Однажды утром во мне зазвучали желтые колокола, сущий трезвон, целое стадо с колокольцами решило погулять в моем желудке; припустив вослед за стадом, я оказался у выхода из сонного тракта, в так называемом вестибюле. Здесь работает множество девушек, и они знают мое имя, которое я, к слову сказать, забыл. Вручают мне два пластиковых мешка с моим скудным добром. Дожидаясь у стойки, я наблюдаю за прочими новоявленными вокзальными придворными в вестибюле, а заодно и за старослужащими сотрудниками справочного отдела, они сидят в кожаных креслах, а шляпы у них лежат на столах вверх дном. В шляпах — остывшая похлебка фактов. Лысоватые затылки под мощными люстрами, старики бормочут — обмениваются информацией. Струнный ансамбль наигрывает танцевальную мелодию неизвестно для кого.
Носильщик, не спрашивая, взваливает мои пластиковые мешки на тележку и лихо толкает ее перед собой, благодаря чему они становятся ценным грузом. Эти самые тележки мало-помалу заменили носильщиков. Но тем усерднее носильщики работают на заднем плане. «Внутренняя служба», — по выражению моего спутника. Раньше его деятельность протекала возле путей, он встречал поезда международных линий, видел всех известных персон, актрис, певцов, государственных деятелей, порой они ездили целым караваном. Фантастическими горами багажа носильщики прокладывали мировым знаменитостям дорогу сквозь ожидающие толпы и неизбежную бурю вспышек — точь-в-точь проводники в горах, бросающие вызов стихиям. Закаленные носильщики отвлекали на себя часть назойливого внимания, и так завязывались дружеские узы между ними и робкими знаменитостями, коих они препровождали до самого гостиничного номера, причем не одна актриса с ходу выходила замуж за своего носильщика и не один государственный муж возвышал носильщика до личного своего советника.

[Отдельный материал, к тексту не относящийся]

lemma continuous_on_g: "continuous_on Z g"
  using g_grad Z_sub_U has_derivative_continuous by (intro continuous_at_imp_continuous_on) blast

lemma continuous_on_f: "continuous_on S f"
  using f_grad has_derivative_continuous by (intro continuous_at_imp_continuous_on) blast

lemma lower_min_attained: "\<exists>z\<in>Z. g z = gs"
  and lower_min_le: "z \<in> Z \<Longrightarrow> gs \<le> g z"
proof -
  obtain z0 where z0: "z0 \<in> Z" "\<forall>y\<in>Z. g z0 \<le> g y"
    using continuous_attains_inf[OF Z_compact Z_nonempty continuous_on_g] by blast
  then have "gs = g z0" unfolding lower_min_def by (intro cInf_eq_minimum) auto
  with z0 show "\<exists>z\<in>Z. g z = gs" "z \<in> Z \<Longrightarrow> gs \<le> g z" by auto
qed

lemma lower_argmin_subset: "Xs \<subseteq> Z"
  by (auto simp: lower_argmin_def)

lemma lower_argmin_nonempty: "Xs \<noteq> {}"
  using lower_min_attained by (auto simp: lower_argmin_def)

lemma compact_lower_argmin: "compact Xs"
proof -
  have "closed {z\<in>Z. g z = gs}"
    using continuous_on_g Z_compact by (intro continuous_closed_preimage_constant compact_imp_closed)
  moreover have "Xs = Z \<inter> {z\<in>Z. g z = gs}" by (auto simp: lower_argmin_def)
  ultimately show ?thesis using Z_compact by (simp add: compact_Int_closed)
qed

Мы снова едем наверх, снова спускаемся по широкой лестнице, шагаем то по красным дорожкам, то по деревянному полу. Множество постоялых дворов, первоначально располагавшихся вокруг базарной площади, за долгие столетия слились в гранд-отель, корпуса примыкают один к другому, расфуфыренные швейцары стоят, словно адмиралы, у всех порталов и задних входов. Снова и снова пустые залы и салоны, маленькие, прелестно озелененные внутренние дворики с фонтанчиками Носильщик препровождает меня в более новую часть отеля, доводит до самой двери и вручает мне пластиковую карточку.
Укрылся я под внушительными зонтиками.
Живу теперь в однокомнатной квартире, отчасти меблированной, приборов и посуды крайне мало, есть телефон и кухонька с балконом, а еще и каморка с ванной. Здание в целом называется город-улей. Через вентиляцию я чую запахи своих соседей. Вполне вероятно, что мои соседи одновременно и мои коллеги, по каковой причине мы после работы сознательно держим дистанцию. Я и без того всегда знаю, что сегодня готовят на соседних кухнях, и попутно силюсь угадать, кто же там стряпает — мужчина или женщина. Большинство пользуются полуфабрикатами, ставят на огонь уже заполненные кастрюли, суют в духовку противни со всякой всячиной. В вытяжной трубе смешиваются разные печали, которые развеиваются, только когда какая-нибудь новая соседка, распространяя обаяние, жарит на свежих жирах, мелко рубит свежую зелень, чем пробуждает аппетит и фантазию и напоминает нам о нашем истинном предназначении: мы должны укреплять связи, создавать клейкое вещество. Вокруг новой поварихи быстро образуется толпа поклонников, ей шлют сладостные сигналы, порой вполне можно унюхать ароматы запретных соблазнов, а в вытяжном колпаке углядеть серую лохматую нить от какой-нибудь курительной палочки или иных источников аромата, да и мало ли что только не щекочет нам нос.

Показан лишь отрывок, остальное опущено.